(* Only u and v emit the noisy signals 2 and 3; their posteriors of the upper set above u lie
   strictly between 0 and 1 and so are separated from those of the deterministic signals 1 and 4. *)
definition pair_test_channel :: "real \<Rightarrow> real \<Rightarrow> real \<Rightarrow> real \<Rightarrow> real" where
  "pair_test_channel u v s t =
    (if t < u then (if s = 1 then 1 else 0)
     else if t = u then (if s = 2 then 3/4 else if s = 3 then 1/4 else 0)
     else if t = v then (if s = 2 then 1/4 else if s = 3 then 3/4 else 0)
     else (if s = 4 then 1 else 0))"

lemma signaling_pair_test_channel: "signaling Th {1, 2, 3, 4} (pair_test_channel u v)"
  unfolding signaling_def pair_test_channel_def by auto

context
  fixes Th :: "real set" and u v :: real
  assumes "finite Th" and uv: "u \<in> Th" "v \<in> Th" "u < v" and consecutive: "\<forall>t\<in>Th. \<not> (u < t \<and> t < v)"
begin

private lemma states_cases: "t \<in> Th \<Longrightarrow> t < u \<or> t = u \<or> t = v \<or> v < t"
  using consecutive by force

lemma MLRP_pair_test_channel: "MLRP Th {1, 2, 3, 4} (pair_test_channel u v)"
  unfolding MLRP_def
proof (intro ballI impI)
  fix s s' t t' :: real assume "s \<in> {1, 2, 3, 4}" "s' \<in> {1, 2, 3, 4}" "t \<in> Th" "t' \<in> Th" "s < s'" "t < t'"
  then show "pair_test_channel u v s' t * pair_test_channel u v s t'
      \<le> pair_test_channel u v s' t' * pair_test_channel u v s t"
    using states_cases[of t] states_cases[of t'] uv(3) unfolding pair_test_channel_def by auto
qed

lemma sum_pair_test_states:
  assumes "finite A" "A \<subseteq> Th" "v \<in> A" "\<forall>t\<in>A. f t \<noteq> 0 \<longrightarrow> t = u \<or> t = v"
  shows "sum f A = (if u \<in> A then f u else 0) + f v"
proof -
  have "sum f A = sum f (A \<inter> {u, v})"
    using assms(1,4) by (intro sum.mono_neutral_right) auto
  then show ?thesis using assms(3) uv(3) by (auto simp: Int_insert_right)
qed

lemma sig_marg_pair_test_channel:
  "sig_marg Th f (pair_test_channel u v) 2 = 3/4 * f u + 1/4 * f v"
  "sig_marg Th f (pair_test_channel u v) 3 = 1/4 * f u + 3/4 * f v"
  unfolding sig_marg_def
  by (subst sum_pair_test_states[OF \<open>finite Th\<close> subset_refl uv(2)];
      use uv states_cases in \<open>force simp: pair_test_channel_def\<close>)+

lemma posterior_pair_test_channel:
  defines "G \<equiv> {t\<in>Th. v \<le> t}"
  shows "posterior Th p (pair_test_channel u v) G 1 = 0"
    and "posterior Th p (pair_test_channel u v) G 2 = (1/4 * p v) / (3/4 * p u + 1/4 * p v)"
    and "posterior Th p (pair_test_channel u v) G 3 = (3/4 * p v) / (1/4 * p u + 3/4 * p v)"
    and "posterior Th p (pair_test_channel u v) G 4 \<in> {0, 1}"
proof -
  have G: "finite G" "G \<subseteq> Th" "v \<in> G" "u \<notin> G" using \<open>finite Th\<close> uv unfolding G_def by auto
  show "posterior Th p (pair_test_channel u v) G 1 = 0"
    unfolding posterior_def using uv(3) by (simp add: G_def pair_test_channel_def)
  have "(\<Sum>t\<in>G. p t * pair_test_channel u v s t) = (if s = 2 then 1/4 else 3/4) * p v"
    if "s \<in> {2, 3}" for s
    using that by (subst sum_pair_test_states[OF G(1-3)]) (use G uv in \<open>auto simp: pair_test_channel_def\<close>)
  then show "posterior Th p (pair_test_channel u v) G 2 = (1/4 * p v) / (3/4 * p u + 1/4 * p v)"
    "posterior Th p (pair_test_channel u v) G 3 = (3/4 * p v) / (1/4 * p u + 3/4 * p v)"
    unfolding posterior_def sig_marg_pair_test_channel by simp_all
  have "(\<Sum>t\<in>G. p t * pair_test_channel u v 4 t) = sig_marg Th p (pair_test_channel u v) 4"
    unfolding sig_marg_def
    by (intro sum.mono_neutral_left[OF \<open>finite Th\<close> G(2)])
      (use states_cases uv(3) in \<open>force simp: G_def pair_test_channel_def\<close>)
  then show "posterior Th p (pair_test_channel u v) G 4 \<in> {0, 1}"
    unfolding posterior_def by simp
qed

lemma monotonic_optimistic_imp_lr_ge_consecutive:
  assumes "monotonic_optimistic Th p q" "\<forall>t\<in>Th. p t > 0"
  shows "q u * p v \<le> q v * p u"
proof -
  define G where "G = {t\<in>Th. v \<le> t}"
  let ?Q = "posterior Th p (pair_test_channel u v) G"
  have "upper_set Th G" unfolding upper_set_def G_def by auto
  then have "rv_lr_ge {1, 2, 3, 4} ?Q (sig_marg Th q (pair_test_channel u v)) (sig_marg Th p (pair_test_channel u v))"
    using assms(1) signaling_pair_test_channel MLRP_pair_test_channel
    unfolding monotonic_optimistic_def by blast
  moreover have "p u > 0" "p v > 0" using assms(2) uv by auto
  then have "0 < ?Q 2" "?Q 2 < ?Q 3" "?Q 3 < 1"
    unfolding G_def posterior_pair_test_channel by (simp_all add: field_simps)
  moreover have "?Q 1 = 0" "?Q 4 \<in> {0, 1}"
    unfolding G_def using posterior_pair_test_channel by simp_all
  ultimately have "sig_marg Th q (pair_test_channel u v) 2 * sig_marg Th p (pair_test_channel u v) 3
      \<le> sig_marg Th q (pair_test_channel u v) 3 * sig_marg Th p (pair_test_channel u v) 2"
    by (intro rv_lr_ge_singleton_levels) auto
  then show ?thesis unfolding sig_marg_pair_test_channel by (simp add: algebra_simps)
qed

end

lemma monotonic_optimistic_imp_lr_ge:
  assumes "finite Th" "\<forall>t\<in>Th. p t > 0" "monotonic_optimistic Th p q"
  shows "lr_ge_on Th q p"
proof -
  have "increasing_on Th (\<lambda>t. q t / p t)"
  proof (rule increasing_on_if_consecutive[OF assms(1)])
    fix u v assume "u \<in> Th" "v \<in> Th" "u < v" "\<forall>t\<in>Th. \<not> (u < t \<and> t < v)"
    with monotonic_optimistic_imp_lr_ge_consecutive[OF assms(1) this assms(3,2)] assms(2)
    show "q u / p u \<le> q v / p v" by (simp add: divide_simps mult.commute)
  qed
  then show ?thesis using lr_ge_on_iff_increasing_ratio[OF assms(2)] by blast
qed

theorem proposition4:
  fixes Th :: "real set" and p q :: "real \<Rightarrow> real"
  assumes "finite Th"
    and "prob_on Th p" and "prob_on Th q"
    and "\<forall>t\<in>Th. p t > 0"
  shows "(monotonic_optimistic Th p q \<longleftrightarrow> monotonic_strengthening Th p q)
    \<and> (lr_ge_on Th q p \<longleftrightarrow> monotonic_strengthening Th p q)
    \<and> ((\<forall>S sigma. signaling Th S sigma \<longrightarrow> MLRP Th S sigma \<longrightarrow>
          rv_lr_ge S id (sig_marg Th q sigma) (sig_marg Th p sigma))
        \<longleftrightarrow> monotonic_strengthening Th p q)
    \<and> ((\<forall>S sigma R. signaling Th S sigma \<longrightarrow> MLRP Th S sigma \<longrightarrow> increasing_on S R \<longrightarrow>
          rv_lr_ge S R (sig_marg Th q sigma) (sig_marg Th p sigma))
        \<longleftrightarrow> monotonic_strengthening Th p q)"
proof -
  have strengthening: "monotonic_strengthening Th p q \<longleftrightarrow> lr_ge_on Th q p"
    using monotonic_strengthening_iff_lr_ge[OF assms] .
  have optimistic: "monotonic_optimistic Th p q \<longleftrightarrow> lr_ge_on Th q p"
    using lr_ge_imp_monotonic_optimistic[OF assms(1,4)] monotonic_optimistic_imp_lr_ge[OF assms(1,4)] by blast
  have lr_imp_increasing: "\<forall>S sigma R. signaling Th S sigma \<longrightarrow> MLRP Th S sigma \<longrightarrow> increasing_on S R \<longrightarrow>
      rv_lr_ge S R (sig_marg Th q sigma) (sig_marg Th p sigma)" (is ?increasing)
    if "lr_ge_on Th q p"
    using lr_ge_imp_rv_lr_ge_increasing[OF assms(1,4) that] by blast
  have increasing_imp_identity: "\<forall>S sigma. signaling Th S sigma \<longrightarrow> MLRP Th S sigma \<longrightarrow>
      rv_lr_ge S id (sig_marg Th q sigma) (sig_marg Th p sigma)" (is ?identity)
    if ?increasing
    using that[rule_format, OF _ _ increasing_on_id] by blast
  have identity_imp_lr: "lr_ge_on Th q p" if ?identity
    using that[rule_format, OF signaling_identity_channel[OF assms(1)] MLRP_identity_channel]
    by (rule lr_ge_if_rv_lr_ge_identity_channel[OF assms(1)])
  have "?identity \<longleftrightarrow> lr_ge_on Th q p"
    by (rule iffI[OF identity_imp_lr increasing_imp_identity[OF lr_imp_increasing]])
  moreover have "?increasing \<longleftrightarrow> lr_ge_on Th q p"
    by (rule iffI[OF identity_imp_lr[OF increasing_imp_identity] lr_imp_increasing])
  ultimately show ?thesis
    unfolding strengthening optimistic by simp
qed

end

*Exercise requirements*:
Look through the material for "ultimately". Copy each line that has it.

*Task response*:
  ultimately have "sig_marg Th q (pair_test_channel u v) 2 * sig_marg Th p (pair_test_channel u v) 3
  ultimately show ?thesis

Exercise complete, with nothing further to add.